The thing I like best about being a journalist, aside from being able to clip my toenails while working, is that sometimes, through hard work and perseverance and opening my mail, I come across a story that can really help you, the consumer, gain a better understanding of how you can be killed by breakfast snack food.

This is just such a time. I have received, from alert reader Richard Rilke, an alarming article from the New Philadelphia (Ohio) Times headlined: OVERHEATED POPTARTS CAUSE DOVER HOUSE FIRE, OFFICIALS SAY. The article states that fire officials investigating a house fire in Dover, Ohio, concluded that “when the toaster failed to eject the Pop-Tarts, they caught fire and set the kitchen ablaze.”

According to the article, the investigators reached this conclusion after experimenting with Pop-Tarts and a toaster.
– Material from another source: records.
lemma exists_color_degrees_ge:
  assumes t: "0 < t" and k: "0 < k" and tk: "t * k \<le> N - 1"
    and not_tight: "\<not> (odd N \<and> odd k \<and> t * k = N - 1)"
  shows "\<exists>c. color_degrees_ge N t k c"
proof (cases "even k")
  case True
  from True t tk show ?thesis
    by (rule exists_color_degrees_ge_circulant)
next
  case odd_k: False
  show ?thesis
  proof (cases "even N")
    case True
    from True t k tk show ?thesis
      by (rule exists_color_degrees_ge_even)
  next
    case False
    with odd_k not_tight tk have "t * k \<le> (N - 1) - 1" and "even (N - 1)" and N: "N = Suc (N - 1)"
      by auto
    with t k obtain c where "color_degrees_ge (N - 1) t k c"
      using exists_color_degrees_ge_even by blast
    with t tk color_degrees_ge_extend show ?thesis
      by (metis N)
  qed
qed

section \<open>The threshold\<close>

definition forces_few_colored_star :: "nat \<Rightarrow> nat \<Rightarrow> nat \<Rightarrow> bool" where
  "forces_few_colored_star t n N \<longleftrightarrow>
     (\<forall>c. c ` complete_edges N \<subseteq> {..<t} \<longrightarrow>
       has_sub_few_colors (star_vertices n) (star_edges n) N c (t - 1))"

lemma forces_few_colored_star_iff:
  assumes t: "0 < t" and N: "0 < N"
  shows "forces_few_colored_star t n N \<longleftrightarrow>
           N \<le> t * (N - n) \<or> (odd N \<and> odd (N - n) \<and> t * (N - n) + 1 = N)"
proof (cases "n < N")
  case False
  have "(\<lambda>_. 0) ` complete_edges N \<subseteq> {..<t}"
    using t by auto
  moreover have "\<not> has_sub_few_colors (star_vertices n) (star_edges n) N (\<lambda>_. 0) (t - 1)"
    using False by (simp add: no_star_in_small_complete_graph)
  ultimately show ?thesis
    using False N unfolding forces_few_colored_star_def by auto
next
  case True
  define k where "k = N - n"
  have nk: "n + k = N" and k: "0 < k"
    using True unfolding k_def by auto
  consider (large) "N \<le> t * k" | (tight) "odd N" "odd k" "t * k + 1 = N"
    | (small) "t * k \<le> N - 1" "\<not> (odd N \<and> odd k \<and> t * k = N - 1)"
    using N by linarith
  then show ?thesis
  proof cases
    case large
    then show ?thesis
      using True few_colored_star_if_le_mult unfolding forces_few_colored_star_def k_def by blast
  next
    case tight
    then show ?thesis
      using t nk few_colored_star_if_tight_odd[of _ N t k n]
      unfolding forces_few_colored_star_def k_def by auto
  next
    case small
    then obtain c where c: "color_degrees_ge N t k c"
      using t k exists_color_degrees_ge by blast
    then have "\<not> has_sub_few_colors (star_vertices n) (star_edges n) N c (t - 1)"
      using t nk by (intro no_few_colored_star_if_color_degrees_ge) auto
    with c small N show ?thesis
      unfolding forces_few_colored_star_def color_degrees_ge_def k_def by auto
  qed
qed

lemma le_mult_diff_iff_div_less:
  fixes t n N :: nat
  assumes t: "2 \<le> t" and n: "1 \<le> n" and N: "0 < N"
  shows "N \<le> t * (N - n) \<longleftrightarrow> (n * t - 1) div (t - 1) < N"
proof -
  define T where "T = t - 1"
  have t_eq: "t = T + 1" and T: "0 < T"
    using t unfolding T_def by auto
  have "N \<le> (T + 1) * (N - n) \<longleftrightarrow> n * (T + 1) - 1 < N * T"
  proof (cases "n < N")
    case True
    then obtain k where "N = n + k"
      using less_imp_add_positive by blast
    with n show ?thesis
      by (simp add: algebra_simps) linarith
  next
    case False
    with N have "\<not> N \<le> (T + 1) * (N - n)"
      by simp
    moreover have "N * T \<le> n * T" and "n * (T + 1) = n * T + n"
      using False by simp_all
    with n have "\<not> n * (T + 1) - 1 < N * T"
      by linarith
    ultimately show ?thesis
      by blast
  qed
  also have "\<dots> \<longleftrightarrow> (n * (T + 1) - 1) div T < N"
    using T by (simp add: div_less_iff_less_mult)
  finally show ?thesis
    by (simp add: t_eq)
qed

lemma tight_iff_div_eq:
  fixes t n N x q :: nat
  assumes t: "2 \<le> t" and n: "1 \<le> n"
    and x: "x = (n * t - 1) div (t - 1)" and q: "q = x div t"
  shows "n < N \<and> t * (N - n) + 1 = N \<longleftrightarrow> N = x \<and> x = t * q + 1 \<and> 0 < q"
proof -
  define T where "T = t - 1"
  have t_eq: "t = T + 1" and T: "0 < T"
    using t unfolding T_def by auto
  show ?thesis
  proof
    assume "n < N \<and> t * (N - n) + 1 = N"
    moreover define k where "k = N - n"
    ultimately have N: "N = n + k" "0 < k" and tk: "t * k + 1 = N"
      by auto
    then have "n * t - 1 = N * T"
      unfolding t_eq by (simp add: algebra_simps)
    with T have "x = N"
      by (simp add: x T_def)
    moreover have "q = k"
      unfolding q \<open>x = N\<close> tk[symmetric] using t by (intro div_nat_eqI) auto
    ultimately show "N = x \<and> x = t * q + 1 \<and> 0 < q"
      using tk N by simp
  next
    assume "N = x \<and> x = t * q + 1 \<and> 0 < q"
    then have N: "N = x" and xq: "x = t * q + 1" and "0 < q"
      by auto
    have "x * T + (n * t - 1) mod T = n * t - 1"
      unfolding x T_def by (rule div_mult_mod_eq)
    moreover have "(n * t - 1) mod T < T"
      using T by simp
    moreover have "1 \<le> n * t"
      using n t by simp
    ultimately have "x * T < n * t" and "n * t \<le> x * T + T"
      by linarith+
    moreover have "t * (T * q + 1) = x * T + 1" and "t * (T * q + 2) = x * T + T + 2"
      unfolding xq t_eq by (simp_all add: algebra_simps)
    ultimately have "t * (T * q + 1) \<le> t * n" and "t * n < t * (T * q + 2)"
      by (simp_all add: mult.commute)
    then have "n = T * q + 1"
      unfolding mult_le_cancel1 mult_less_cancel1 by linarith
    with N xq \<open>0 < q\<close> show "n < N \<and> t * (N - n) + 1 = N"
      unfolding t_eq by (simp add: algebra_simps)
  qed
qed

lemma odd_tight_iff_div_eq:
  fixes t n N x q :: nat
  assumes t: "2 \<le> t" and "1 \<le> n"
    and "x = (n * t - 1) div (t - 1)" and "q = x div t"
  shows "odd N \<and> odd (N - n) \<and> t * (N - n) + 1 = N \<longleftrightarrow> N = x \<and> x = t * q + 1 \<and> odd x \<and> odd q"
proof -
  have diff_eq: "N - n = q" if "t * (N - n) + 1 = N" and "N = t * q + 1"
    using that t by simp
  show ?thesis
  proof
    assume H: "odd N \<and> odd (N - n) \<and> t * (N - n) + 1 = N"
    then have "n < N"
      by (cases "n < N") auto
    with H tight_iff_div_eq[OF assms] have "N = x" and "x = t * q + 1"
      by blast+
    with H diff_eq show "N = x \<and> x = t * q + 1 \<and> odd x \<and> odd q"
      by metis
  next
    assume H: "N = x \<and> x = t * q + 1 \<and> odd x \<and> odd q"
    with tight_iff_div_eq[OF assms] odd_pos have "t * (N - n) + 1 = N"
      by blast
    with H diff_eq show "odd N \<and> odd (N - n) \<and> t * (N - n) + 1 = N"
      by metis
  qed
qed

theorem theorem3:
  fixes t n x q :: nat
  assumes "t \<ge> 2" and "n \<ge> 1"
    and "x = (n * t - 1) div (t - 1)" and "q = x div t"
  shows "ramsey_st (t - 1) t (star_vertices n) (star_edges n) =
           (if x = t * q + 1 \<and> odd x \<and> odd q then x else x + 1)"
proof -
  let ?exceptional = "x = t * q + 1 \<and> odd x \<and> odd q"
  have least_iff: "0 < N \<and> forces_few_colored_star t n N \<longleftrightarrow> x < N \<or> (N = x \<and> ?exceptional)" for N
  proof (cases "0 < N")
    case True
    with assms(1) have "forces_few_colored_star t n N \<longleftrightarrow>
        N \<le> t * (N - n) \<or> (odd N \<and> odd (N - n) \<and> t * (N - n) + 1 = N)"
      by (intro forces_few_colored_star_iff) auto
    with True show ?thesis
      unfolding le_mult_diff_iff_div_less[OF assms(1,2) True] odd_tight_iff_div_eq[OF assms]
        assms(3)[symmetric] by blast
  qed auto
  have "ramsey_st (t - 1) t (star_vertices n) (star_edges n) =
          (LEAST N. 0 < N \<and> forces_few_colored_star t n N)"
    unfolding ramsey_st_def forces_few_colored_star_def ..
  also have "\<dots> = (if ?exceptional then x else x + 1)"
    by (rule Least_equality) (auto simp: least_iff)
  finally show ?thesis .
qed

end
They found that “strawberry Pop-Tarts, when left in a toaster that doesn’t pop up, will send flames ‘like a blowtorch’ up to three feet high.”

Like most Americans, I have long had a keen scientific interest in combustible breakfast foods, so I called up the Dover Fire Department and spoke to investigator Don Dunfee. He told me that he and some other investigators bought a used toaster, rigged it so it wouldn’t pop up, put in some Kellogg’s strawberry Pop-Tarts, then observed the results.

“At five minutes and 55 seconds,” he said, “we had flames shooting out the top. I mean large flames. We also tried it with an off-brand tart. That one broke into flames in like 3-1/2 minutes, but it wasn’t near as impressive as the Kellogg’s Pop-Tart.”

A quality you will find in top investigative journalists such as Woodward and Bernstein and myself is that before we publish a sensational story, we make every effort to verify the facts, unless this would be boring. So after speaking with Dunfee I proceeded to my local K-mart, where I consulted with an employee in the appliance sector.

ME: What kind of toaster do you recommend for outdoor use? EMPLOYEE: A cheap toaster.

I got one for $8.96. I already had Kellogg’s strawberry Pop-Tarts at home, because these are one of the three major food groups that my son eats, the other two being (1) pizza and (2) pizza with pepperoni.